Friday, January 7, 2011

Kingswood 3...

[Memory Lane warning: gratuitous recording of old memories and stating of the obvious to follow...]

I read an interesting article online the other day about 10 things that a baby born in 2011 would likely never have seen in their lives; things that us older folks would be used to today (or in the recent past). Not surprisingly, most of them were technologically oriented, some in the sense of technology replacing them entirely, and some in the sense of technology just moving into a new phase.

I remember at different times growing up being fascinated by the idea of what my grandmother (b. 1900, d. 1999) would have seen come about in her lifetime. This with the understanding that I overlapped my grandmother for 33 years, but in her incredibly long life she still would have been 75-80+ in my adolescence, and already 66 when I was born. Her having been born before the Wright brothers first flight in 1903. And then seen space flight. And then a man on the moon. Little things like that. (Unless of course you believe that the moon landing was faked, but that's a whole different story...)

The article I read got me thinking about the dramatic leaps forward in my 40+ years. The thing that makes me chuckle the most when I think back on it is the simple telephone.

Back in the day it was a simple telephone. A heavy metal black rotary phone that hung on the wall. I believe those phones were actually owned by the phone company. The phone company was the Bell monopoly, prior to the breakup into the baby Bells. And our phone number was KI3-xxxx. The "KI" stood for Kingswood, which was the leftover "exchange" from the time when there were actually phone operators who connected calls. "KI" is 54 in numeric terms, but I remember reciting "KI" silently in my head every time I made a call, and translating to numbers as I went. To this day, I remember that my grandparents' phone number was HI6-0337, but without looking at a phone keypad would have no idea what "HI" is in numbers. We were technically in the 215 area code, but you only needed to dial the area code if it was a long distance call. So calling friends in the neighborhood and around town was dialing a 7 digit number. And at that age (pre-teens) dialing a long distance call would have been like dialing the other side of the universe; it never happened. If you called a friend's house and they weren't there, you knew they weren't there because it rang and rang and rang and nobody picked up. There were no answering machines. You just gave it enough time for someone to get there from the other side of the house, and if they didn't answer, you just hung up. So when you were out, you were out; unreachable. Which is a nice thought actually...

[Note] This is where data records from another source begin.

(* Let $m/n\in(0,1/2)$ in lowest terms, write $c_{m/n}=1\,0^{\kappa_1}\,11\,0^{\kappa_2}\,11\cdots11\,0^{\kappa_m}\,1$, and let $1\le r\le m$. Then the word $c=1\,0^{\kappa_r+1}\,11\,0^{\kappa_{r+1}}\,11\cdots11\,0^{\kappa_m}\,1$ disagrees with $c_{m/n}$ at some position within the shorter of their two lengths, and $c$ is greater than $c_{m/n}$ in the unimodal order.
   Context: $\kappa_1=\lfloor n/m\rfloor-1$ and $\kappa_i=\lfloor in/m\rfloor-\lfloor(i-1)n/m\rfloor-2$ for $2\le i\le m$. The unimodal order $\prec$ on words over $\{0,1\}$ which disagree within their common length: if $j$ is the first index with $s_j\ne t_j$, then $s\prec t$ iff either $s_0\cdots s_{j-1}$ contains an even number of $1$s and $s_j<t_j$, or an odd number of $1$s and $s_j>t_j$. *)

theory Defs
  imports Main
begin

text \<open>Words over {0,1} are lists of naturals with entries 0 and 1.\<close>

definition kappa :: "nat \<Rightarrow> nat \<Rightarrow> nat \<Rightarrow> nat" where
  "kappa m n i = (if i = 1 then n div m - 1
                  else (i * n) div m - ((i - 1) * n) div m - 2)"

definition blocks :: "nat \<Rightarrow> nat \<Rightarrow> nat \<Rightarrow> nat \<Rightarrow> nat list" where
  "blocks m n a b = concat (map (\<lambda>i. [1, 1] @ replicate (kappa m n i) 0) [a..<Suc b])"

definition kneading :: "nat \<Rightarrow> nat \<Rightarrow> nat list" where
  "kneading m n = [1] @ replicate (kappa m n 1) 0 @ blocks m n 2 m @ [1]"

definition cword :: "nat \<Rightarrow> nat \<Rightarrow> nat \<Rightarrow> nat list" where
  "cword m n r = [1] @ replicate (kappa m n r + 1) 0 @ blocks m n (Suc r) m @ [1]"

definition disagree :: "nat list \<Rightarrow> nat list \<Rightarrow> bool" where
  "disagree s t \<longleftrightarrow> (\<exists>j < min (length s) (length t). s ! j \<noteq> t ! j)"

definition first_diff :: "nat list \<Rightarrow> nat list \<Rightarrow> nat" where
  "first_diff s t = (LEAST j. j < min (length s) (length t) \<and> s ! j \<noteq> t ! j)"

definition unimodal_less :: "nat list \<Rightarrow> nat list \<Rightarrow> bool" where
  "unimodal_less s t \<longleftrightarrow> disagree s t \<and>
     (let j = first_diff s t; k = count_list (take j s) 1 in
       (even k \<and> s ! j < t ! j) \<or> (odd k \<and> s ! j > t ! j))"

end

theory Submission
  imports Defs
begin

text \<open>Let \<open>q i = \<lfloor>i n / m\<rfloor>\<close> and \<open>a = r - 1\<close>. Then \<open>q (a + i) = q a + q i + e i\<close> with a carry
  \<open>e i \<in> {0, 1}\<close> and \<open>e 0 = 0\<close>, so the \<open>i\<close>-th zero run of \<open>c\<close> exceeds the \<open>i\<close>-th zero run of
  \<open>c\<^sub>m\<^sub>/\<^sub>n\<close> by \<open>e i - e (i - 1)\<close>. For \<open>a > 0\<close> coprimality forces \<open>e (m - a) = 1\<close>, where \<open>m - a\<close>
  is the number of runs of \<open>c\<close>; at the first index where the carry becomes \<open>1\<close> the run of \<open>c\<close> is
  longer by exactly one while all earlier runs agree (for \<open>a = 0\<close> this happens at the first run).
  There \<open>c\<^sub>m\<^sub>/\<^sub>n\<close> reads \<open>1\<close> and \<open>c\<close> reads \<open>0\<close>, after a common prefix with an odd number of \<open>1\<close>s,
  which puts \<open>c\<^sub>m\<^sub>/\<^sub>n\<close> below \<open>c\<close> in the unimodal order.\<close>

lemma first_diff_append_Cons:
  assumes "x \<noteq> y"
  shows "first_diff (p @ x # s) (p @ y # t) = length p"
  unfolding first_diff_def
proof (rule Least_equality)
  fix j assume "j < min (length (p @ x # s)) (length (p @ y # t)) \<and> (p @ x # s) ! j \<noteq> (p @ y # t) ! j"
  then show "length p \<le> j" by (auto simp: nth_append split: if_splits)
qed (use assms in simp)

lemma unimodal_less_odd_prefix:
  assumes "odd (count_list p 1)"
  shows "disagree (p @ 0 # t) (p @ 1 # s) \<and> unimodal_less (p @ 1 # s) (p @ 0 # t)"
proof -
  have "length p < min (length (p @ 0 # t)) (length (p @ 1 # s))" by simp
  then have "disagree (p @ 0 # t) (p @ 1 # s)" "disagree (p @ 1 # s) (p @ 0 # t)"
    unfolding disagree_def by (metis nth_append_length zero_neq_one min.commute)+
  then show ?thesis
    using assms by (simp add: unimodal_less_def first_diff_append_Cons)
qed

definition block_word :: "nat list \<Rightarrow> nat list" where
  "block_word ks = concat (map (\<lambda>k. [1, 1] @ replicate k 0) ks)"

text \<open>\<open>runs_word [k\<^sub>1, ..., k\<^sub>L] = 1 0^{k\<^sub>1} 11 0^{k\<^sub>2} 11 ... 11 0^{k\<^sub>L} 1\<close>: the leading
  \<open>11\<close> of the blocks loses one \<open>1\<close>.\<close>
definition runs_word :: "nat list \<Rightarrow> nat list" where
  "runs_word ks = tl (block_word ks) @ [1]"

lemma block_word_simps [simp]:
  "block_word [] = []"
  "block_word (k # ks) = [1, 1] @ replicate k 0 @ block_word ks"
  "block_word (ks @ ls) = block_word ks @ block_word ls"
  by (simp_all add: block_word_def)

lemma count_block_word: "count_list (block_word ks) 1 = 2 * length ks"
  by (induction ks) auto

lemma runs_word_first_excess:
  "disagree (runs_word (p @ Suc a # ys)) (runs_word (p @ a # xs)) \<and>
   unimodal_less (runs_word (p @ a # xs)) (runs_word (p @ Suc a # ys))"
proof -
  define P where "P = tl (block_word (p @ [a]))"
  have tl_append: "tl (block_word (p @ [a]) @ w) = P @ w" for w
    unfolding P_def by (cases p) simp_all
  have "runs_word (p @ a # xs) = P @ 1 # tl (block_word xs @ [1])"
    unfolding runs_word_def using tl_append[of "block_word xs"] by (cases xs) simp_all
  moreover have "runs_word (p @ Suc a # ys) = P @ 0 # (block_word ys @ [1])"
    unfolding runs_word_def using tl_append[of "0 # block_word ys"]
    by (simp add: replicate_append_same[symmetric])
  moreover have "count_list P 1 = 2 * length p + 1"
    unfolding P_def by (cases p) (simp_all add: count_block_word[simplified])
  ultimately show ?thesis using unimodal_less_odd_prefix[of P] by simp
qed

lemma blocks_eq_block_word: "blocks m n a b = block_word (map (kappa m n) [a..<Suc b])"
  by (simp add: blocks_def block_word_def comp_def)

lemma kneading_eq_runs_word:
  "kneading m n = runs_word (kappa m n 1 # map (kappa m n) [2..<Suc m])"
  by (simp add: kneading_def runs_word_def blocks_eq_block_word)

lemma cword_eq_runs_word:
  "cword m n r = runs_word ((kappa m n r + 1) # map (kappa m n) [Suc r..<Suc m])"
  by (simp add: cword_def runs_word_def blocks_eq_block_word)

lemma first_excess_from_carries:
  fixes ks ls :: "nat list" and e :: "nat \<Rightarrow> nat"
  assumes "length ls \<le> length ks" "e 0 = 0" "\<And>i. e i \<le> 1" "e (length ls) = 1"
    and "\<And>i. i < length ls \<Longrightarrow> ls ! i + e i = ks ! i + e (Suc i)"
  shows "\<exists>p a xs ys. ks = p @ a # xs \<and> ls = p @ Suc a # ys"
  using assms
proof (induction ls arbitrary: ks e)
  case Nil
  then show ?case by simp
next
  case (Cons l ls)
  then obtain k ks' where ks: "ks = k # ks'" by (cases ks) auto
  have head: "l = k + e 1" using Cons.prems(5)[of 0] Cons.prems(2) ks by simp
  show ?case
  proof (cases "e 1 = 0")
    case True
    have "\<exists>p a xs ys. ks' = p @ a # xs \<and> ls = p @ Suc a # ys"
    proof (rule Cons.IH[where e = "e \<circ> Suc"])
      show "\<And>i. i < length ls \<Longrightarrow> ls ! i + (e \<circ> Suc) i = ks' ! i + (e \<circ> Suc) (Suc i)"
        using Cons.prems(5) ks by fastforce
    qed (use Cons.prems ks True in auto)
    then obtain p a xs ys where "ks' = p @ a # xs" "ls = p @ Suc a # ys" by blast
    then show ?thesis using ks head True by (metis append_Cons add_0_right)
  next
    case False
    then have "l = Suc k" using head Cons.prems(3)[of 1] by simp
    then show ?thesis using ks by (metis append_Nil)
  qed
qed

definition carry :: "nat \<Rightarrow> nat \<Rightarrow> nat \<Rightarrow> nat \<Rightarrow> nat" where
  "carry m n a b = (a * n mod m + b * n mod m) div m"

lemma floor_add_carry: "(a + b) * n div m = a * n div m + b * n div m + carry m n a b"
  unfolding carry_def by (metis add_mult_distrib div_add1_eq)

lemma carry_le_1:
  assumes "0 < m"
  shows "carry m n a b \<le> 1"
proof -
  have "a * n mod m < m" "b * n mod m < m" using assms by simp_all
  then have "a * n mod m + b * n mod m < 2 * m" by linarith
  then have "(a * n mod m + b * n mod m) div m < 2" by (simp add: less_mult_imp_div_less)
  then show ?thesis unfolding carry_def by linarith
qed

lemma carry_0_right [simp]: "carry m n a 0 = 0"
  by (simp add: carry_def)

lemma carry_complement:
  assumes "coprime m n" "0 < a" "a < m"
  shows "carry m n a (m - a) = 1"
proof -
  have "\<not> m dvd a * n"
    using assms by (metis coprime_dvd_mult_left_iff nat_dvd_not_less)
  then have pos: "0 < a * n mod m" by (simp add: dvd_eq_mod_eq_0)
  have "(a * n mod m + (m - a) * n mod m) mod m = (a * n + (m - a) * n) mod m"
    by (simp add: mod_add_eq)
  also have "a * n + (m - a) * n = m * n" using assms by (simp add: add_mult_distrib[symmetric])
  finally obtain k where k: "a * n mod m + (m - a) * n mod m = m * k"
    by (auto simp: dvd_eq_mod_eq_0[symmetric])
  have "a * n mod m < m" "(m - a) * n mod m < m" using assms by simp_all
  then have "m * k < m * 2" "0 < m * k" using k pos by linarith+
  then have "k = 1" by simp
  then show ?thesis unfolding carry_def using k assms by simp
qed

lemma kappa_one:
  assumes "0 < m" "m \<le> n"
  shows "kappa m n 1 + 1 = n div m"
  using assms by (simp add: kappa_def div_greater_zero_iff)

lemma kappa_Suc:
  assumes "0 < m" "2 * m \<le> n" "0 < i"
  shows "i * n div m + kappa m n (Suc i) + 2 = Suc i * n div m"
proof -
  have "2 \<le> n div m" using assms div_le_mono[of "2 * m" n m] by simp
  then show ?thesis
    using assms floor_add_carry[of i 1 n m] by (simp add: kappa_def)
qed

lemma kappa_shift_first:
  assumes "0 < m" "2 * m \<le> n" "0 < a"
  shows "kappa m n (Suc a) + 1 = kappa m n 1 + carry m n a 1"
  using assms kappa_Suc[of m n a] kappa_one[of m n] floor_add_carry[of a 1 n m] by simp

lemma kappa_shift:
  assumes "0 < m" "2 * m \<le> n" "0 < a" "0 < i"
  shows "kappa m n (Suc a + i) + carry m n a i = kappa m n (Suc i) + carry m n a (Suc i)"
  using assms kappa_Suc[of m n "a + i"] kappa_Suc[of m n i]
    floor_add_carry[of a i n m] floor_add_carry[of a "Suc i" n m] by simp

lemma kappa_runs_first_excess:
  assumes "0 < m" "2 * m < n" "coprime m n" "1 \<le> r" "r \<le> m"
  obtains p b xs ys where
    "kappa m n 1 # map (kappa m n) [2..<Suc m] = p @ b # xs"
    "(kappa m n r + 1) # map (kappa m n) [Suc r..<Suc m] = p @ Suc b # ys"
proof -
  obtain a where r: "r = Suc a" using assms(4) by (cases r) auto
  define ks where "ks = kappa m n 1 # map (kappa m n) [2..<Suc m]"
  define ls where "ls = (kappa m n (Suc a) + 1) # map (kappa m n) [Suc (Suc a)..<Suc m]"
  have "\<exists>p b xs ys. ks = p @ b # xs \<and> ls = p @ Suc b # ys"
  proof (cases "a = 0")
    case True
    then have "ks = [] @ kappa m n 1 # map (kappa m n) [2..<Suc m]"
      "ls = [] @ Suc (kappa m n 1) # map (kappa m n) [2..<Suc m]"
      by (simp_all add: ks_def ls_def numeral_2_eq_2 del: upt_Suc)
    then show ?thesis by blast
  next
    case False
    show ?thesis
    proof (rule first_excess_from_carries[where e = "carry m n a"])
      have "length ls = m - a" using assms r by (simp add: ls_def del: upt_Suc)
      then show "carry m n a (length ls) = 1"
        using assms r False carry_complement[of m n a] by simp
    next
      fix i
      assume "i < length ls"
      then show "ls ! i + carry m n a i = ks ! i + carry m n a (Suc i)"
        using assms False kappa_shift_first[of m n a] kappa_shift[of m n a i]
        by (cases i) (simp_all add: ks_def ls_def nth_map_upt del: upt_Suc)
    qed (use assms r carry_le_1 in \<open>simp_all add: ks_def ls_def del: upt_Suc\<close>)
  qed
  then obtain p b xs ys where "ks = p @ b # xs" "ls = p @ Suc b # ys" by blast
  then show ?thesis using that r by (simp add: ks_def ls_def del: upt_Suc)
qed

theorem lemma4p2:
  fixes m n r :: nat
  assumes "0 < m" "2 * m < n" "coprime m n" "1 \<le> r" "r \<le> m"
  shows "disagree (cword m n r) (kneading m n) \<and> unimodal_less (kneading m n) (cword m n r)"
proof -
  obtain p b xs ys where
    "kappa m n 1 # map (kappa m n) [2..<Suc m] = p @ b # xs"
    "(kappa m n r + 1) # map (kappa m n) [Suc r..<Suc m] = p @ Suc b # ys"
    using kappa_runs_first_excess[OF assms] .
  then show ?thesis
    using runs_word_first_excess[of p b ys xs]
    by (simp only: kneading_eq_runs_word cword_eq_runs_word)
qed

end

It was a big deal when they needed to split our part of the 215 area code into a new 610 area code. When that happened, you also needed to dial the area code all the time, not just for long distance. And they dropped the letters entirely, and our phone number became 610-543-xxxx. Then people got answering machines. Then they invented portable phones. Then cell phones. I'd love to see a teenager today given one of those old shoebox size car phones to use.

Today my house has two land line numbers, three cell phone numbers, a work number, and all of our phones have email, internet and text messaging. I can go hiking somewhere on the Appalachian Trail, get geocache info online, use a phone app to be the gps, record my finds while out in the field, take pictures as I go, email them to friends, and write a blog entry on the trip and post it before I get back to the car. Being unreachable is impossible.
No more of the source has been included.